Only one portion of the data is to be written out: from the line bearing "b*(x1*cnj x1 +" through the line bearing "add: unit_pair_def add.commute)". Write it exactly as it appears.

** Opening DATA UNDER STUDY block **

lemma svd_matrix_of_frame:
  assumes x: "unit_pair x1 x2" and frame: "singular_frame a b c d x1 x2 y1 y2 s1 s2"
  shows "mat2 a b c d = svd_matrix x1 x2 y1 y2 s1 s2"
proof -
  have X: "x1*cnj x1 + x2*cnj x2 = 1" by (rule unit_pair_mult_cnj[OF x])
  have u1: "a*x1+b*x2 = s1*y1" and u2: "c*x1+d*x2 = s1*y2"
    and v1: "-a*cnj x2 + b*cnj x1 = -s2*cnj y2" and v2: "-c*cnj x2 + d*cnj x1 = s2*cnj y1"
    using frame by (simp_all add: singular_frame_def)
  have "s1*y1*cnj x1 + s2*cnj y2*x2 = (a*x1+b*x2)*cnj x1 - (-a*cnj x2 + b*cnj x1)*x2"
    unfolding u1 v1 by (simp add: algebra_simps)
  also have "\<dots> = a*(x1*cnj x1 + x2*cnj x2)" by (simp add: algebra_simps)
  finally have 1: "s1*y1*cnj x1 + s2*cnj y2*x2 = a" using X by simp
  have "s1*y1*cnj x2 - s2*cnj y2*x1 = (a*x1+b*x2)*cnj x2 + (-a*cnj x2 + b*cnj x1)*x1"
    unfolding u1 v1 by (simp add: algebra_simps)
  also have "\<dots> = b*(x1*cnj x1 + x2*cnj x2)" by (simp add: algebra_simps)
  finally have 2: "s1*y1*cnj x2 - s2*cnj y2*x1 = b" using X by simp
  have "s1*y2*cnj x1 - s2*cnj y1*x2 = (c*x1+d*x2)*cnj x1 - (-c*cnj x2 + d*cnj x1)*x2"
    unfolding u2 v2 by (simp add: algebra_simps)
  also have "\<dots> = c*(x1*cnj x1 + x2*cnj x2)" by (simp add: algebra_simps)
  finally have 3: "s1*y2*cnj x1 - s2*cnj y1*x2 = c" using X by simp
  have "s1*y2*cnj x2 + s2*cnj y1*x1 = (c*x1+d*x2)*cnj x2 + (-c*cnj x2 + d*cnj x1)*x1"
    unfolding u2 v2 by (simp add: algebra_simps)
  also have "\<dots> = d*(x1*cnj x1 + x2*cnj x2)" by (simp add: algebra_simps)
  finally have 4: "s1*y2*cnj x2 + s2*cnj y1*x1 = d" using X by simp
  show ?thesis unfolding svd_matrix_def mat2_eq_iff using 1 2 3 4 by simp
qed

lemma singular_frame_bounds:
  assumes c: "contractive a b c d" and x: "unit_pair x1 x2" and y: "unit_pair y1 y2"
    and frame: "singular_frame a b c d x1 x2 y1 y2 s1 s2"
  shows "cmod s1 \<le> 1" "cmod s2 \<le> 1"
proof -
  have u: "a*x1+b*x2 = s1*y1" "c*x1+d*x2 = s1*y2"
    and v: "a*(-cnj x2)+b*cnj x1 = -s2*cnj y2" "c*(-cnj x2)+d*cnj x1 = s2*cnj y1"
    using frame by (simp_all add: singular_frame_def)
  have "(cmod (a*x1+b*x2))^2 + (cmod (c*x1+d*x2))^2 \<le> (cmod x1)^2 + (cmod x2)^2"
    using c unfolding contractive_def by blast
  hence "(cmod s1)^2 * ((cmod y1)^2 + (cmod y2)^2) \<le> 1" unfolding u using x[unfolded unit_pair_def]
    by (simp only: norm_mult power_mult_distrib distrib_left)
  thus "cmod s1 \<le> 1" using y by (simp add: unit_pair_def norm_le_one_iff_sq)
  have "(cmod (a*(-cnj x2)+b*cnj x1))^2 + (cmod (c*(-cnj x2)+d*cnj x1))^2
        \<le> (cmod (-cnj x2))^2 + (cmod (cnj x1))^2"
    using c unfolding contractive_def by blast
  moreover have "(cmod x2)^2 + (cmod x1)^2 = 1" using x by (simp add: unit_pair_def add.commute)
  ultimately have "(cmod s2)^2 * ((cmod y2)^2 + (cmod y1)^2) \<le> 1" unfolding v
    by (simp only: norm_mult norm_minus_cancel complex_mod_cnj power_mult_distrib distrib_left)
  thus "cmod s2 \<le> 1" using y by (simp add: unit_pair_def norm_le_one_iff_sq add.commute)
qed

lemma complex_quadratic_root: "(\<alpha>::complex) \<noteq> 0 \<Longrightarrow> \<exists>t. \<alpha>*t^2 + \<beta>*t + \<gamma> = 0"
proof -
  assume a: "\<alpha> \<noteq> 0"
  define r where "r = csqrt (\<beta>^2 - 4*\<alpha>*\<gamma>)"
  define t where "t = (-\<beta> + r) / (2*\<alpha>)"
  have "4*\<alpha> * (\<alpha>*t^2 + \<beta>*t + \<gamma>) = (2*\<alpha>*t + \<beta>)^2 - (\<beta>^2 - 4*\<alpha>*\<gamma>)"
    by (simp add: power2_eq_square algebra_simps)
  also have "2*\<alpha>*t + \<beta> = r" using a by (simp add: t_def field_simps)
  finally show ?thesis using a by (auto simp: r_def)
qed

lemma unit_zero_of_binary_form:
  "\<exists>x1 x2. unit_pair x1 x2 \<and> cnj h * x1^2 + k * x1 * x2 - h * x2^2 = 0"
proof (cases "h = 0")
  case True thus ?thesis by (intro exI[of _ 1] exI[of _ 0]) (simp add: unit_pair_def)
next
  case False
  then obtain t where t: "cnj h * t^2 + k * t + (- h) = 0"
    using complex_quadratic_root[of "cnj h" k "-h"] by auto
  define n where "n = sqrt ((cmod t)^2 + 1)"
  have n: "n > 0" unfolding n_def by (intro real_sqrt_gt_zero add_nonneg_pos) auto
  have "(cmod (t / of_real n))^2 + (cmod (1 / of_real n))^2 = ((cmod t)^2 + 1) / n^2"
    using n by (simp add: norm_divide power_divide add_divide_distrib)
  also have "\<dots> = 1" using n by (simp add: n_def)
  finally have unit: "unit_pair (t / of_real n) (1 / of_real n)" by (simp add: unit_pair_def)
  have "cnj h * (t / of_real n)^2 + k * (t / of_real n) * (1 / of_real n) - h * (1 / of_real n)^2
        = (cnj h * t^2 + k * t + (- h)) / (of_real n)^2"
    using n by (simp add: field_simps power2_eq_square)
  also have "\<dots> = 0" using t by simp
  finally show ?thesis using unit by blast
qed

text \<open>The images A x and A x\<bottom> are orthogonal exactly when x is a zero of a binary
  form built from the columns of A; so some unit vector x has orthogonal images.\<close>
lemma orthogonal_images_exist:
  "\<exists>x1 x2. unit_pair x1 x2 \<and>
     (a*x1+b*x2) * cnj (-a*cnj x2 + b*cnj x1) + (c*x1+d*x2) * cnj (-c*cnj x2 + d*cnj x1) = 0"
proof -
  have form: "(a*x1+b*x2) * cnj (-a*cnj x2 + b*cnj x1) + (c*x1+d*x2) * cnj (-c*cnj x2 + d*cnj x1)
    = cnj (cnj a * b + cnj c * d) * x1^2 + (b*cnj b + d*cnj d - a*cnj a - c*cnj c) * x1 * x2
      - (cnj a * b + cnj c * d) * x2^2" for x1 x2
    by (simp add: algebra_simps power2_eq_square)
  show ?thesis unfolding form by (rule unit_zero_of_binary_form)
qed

** Closing DATA UNDER STUDY block **

_RESULT OF THE EXERCISE_:
  also have "\<dots> = b*(x1*cnj x1 + x2*cnj x2)" by (simp add: algebra_simps)
  finally have 2: "s1*y1*cnj x2 - s2*cnj y2*x1 = b" using X by simp
  have "s1*y2*cnj x1 - s2*cnj y1*x2 = (c*x1+d*x2)*cnj x1 - (-c*cnj x2 + d*cnj x1)*x2"
    unfolding u2 v2 by (simp add: algebra_simps)
  also have "\<dots> = c*(x1*cnj x1 + x2*cnj x2)" by (simp add: algebra_simps)
  finally have 3: "s1*y2*cnj x1 - s2*cnj y1*x2 = c" using X by simp
  have "s1*y2*cnj x2 + s2*cnj y1*x1 = (c*x1+d*x2)*cnj x2 + (-c*cnj x2 + d*cnj x1)*x1"
    unfolding u2 v2 by (simp add: algebra_simps)
  also have "\<dots> = d*(x1*cnj x1 + x2*cnj x2)" by (simp add: algebra_simps)
  finally have 4: "s1*y2*cnj x2 + s2*cnj y1*x1 = d" using X by simp
  show ?thesis unfolding svd_matrix_def mat2_eq_iff using 1 2 3 4 by simp
qed

lemma singular_frame_bounds:
  assumes c: "contractive a b c d" and x: "unit_pair x1 x2" and y: "unit_pair y1 y2"
    and frame: "singular_frame a b c d x1 x2 y1 y2 s1 s2"
  shows "cmod s1 \<le> 1" "cmod s2 \<le> 1"
proof -
  have u: "a*x1+b*x2 = s1*y1" "c*x1+d*x2 = s1*y2"
    and v: "a*(-cnj x2)+b*cnj x1 = -s2*cnj y2" "c*(-cnj x2)+d*cnj x1 = s2*cnj y1"
    using frame by (simp_all add: singular_frame_def)
  have "(cmod (a*x1+b*x2))^2 + (cmod (c*x1+d*x2))^2 \<le> (cmod x1)^2 + (cmod x2)^2"
    using c unfolding contractive_def by blast
  hence "(cmod s1)^2 * ((cmod y1)^2 + (cmod y2)^2) \<le> 1" unfolding u using x[unfolded unit_pair_def]
    by (simp only: norm_mult power_mult_distrib distrib_left)
  thus "cmod s1 \<le> 1" using y by (simp add: unit_pair_def norm_le_one_iff_sq)
  have "(cmod (a*(-cnj x2)+b*cnj x1))^2 + (cmod (c*(-cnj x2)+d*cnj x1))^2
        \<le> (cmod (-cnj x2))^2 + (cmod (cnj x1))^2"
    using c unfolding contractive_def by blast
  moreover have "(cmod x2)^2 + (cmod x1)^2 = 1" using x by (simp add: unit_pair_def add.commute)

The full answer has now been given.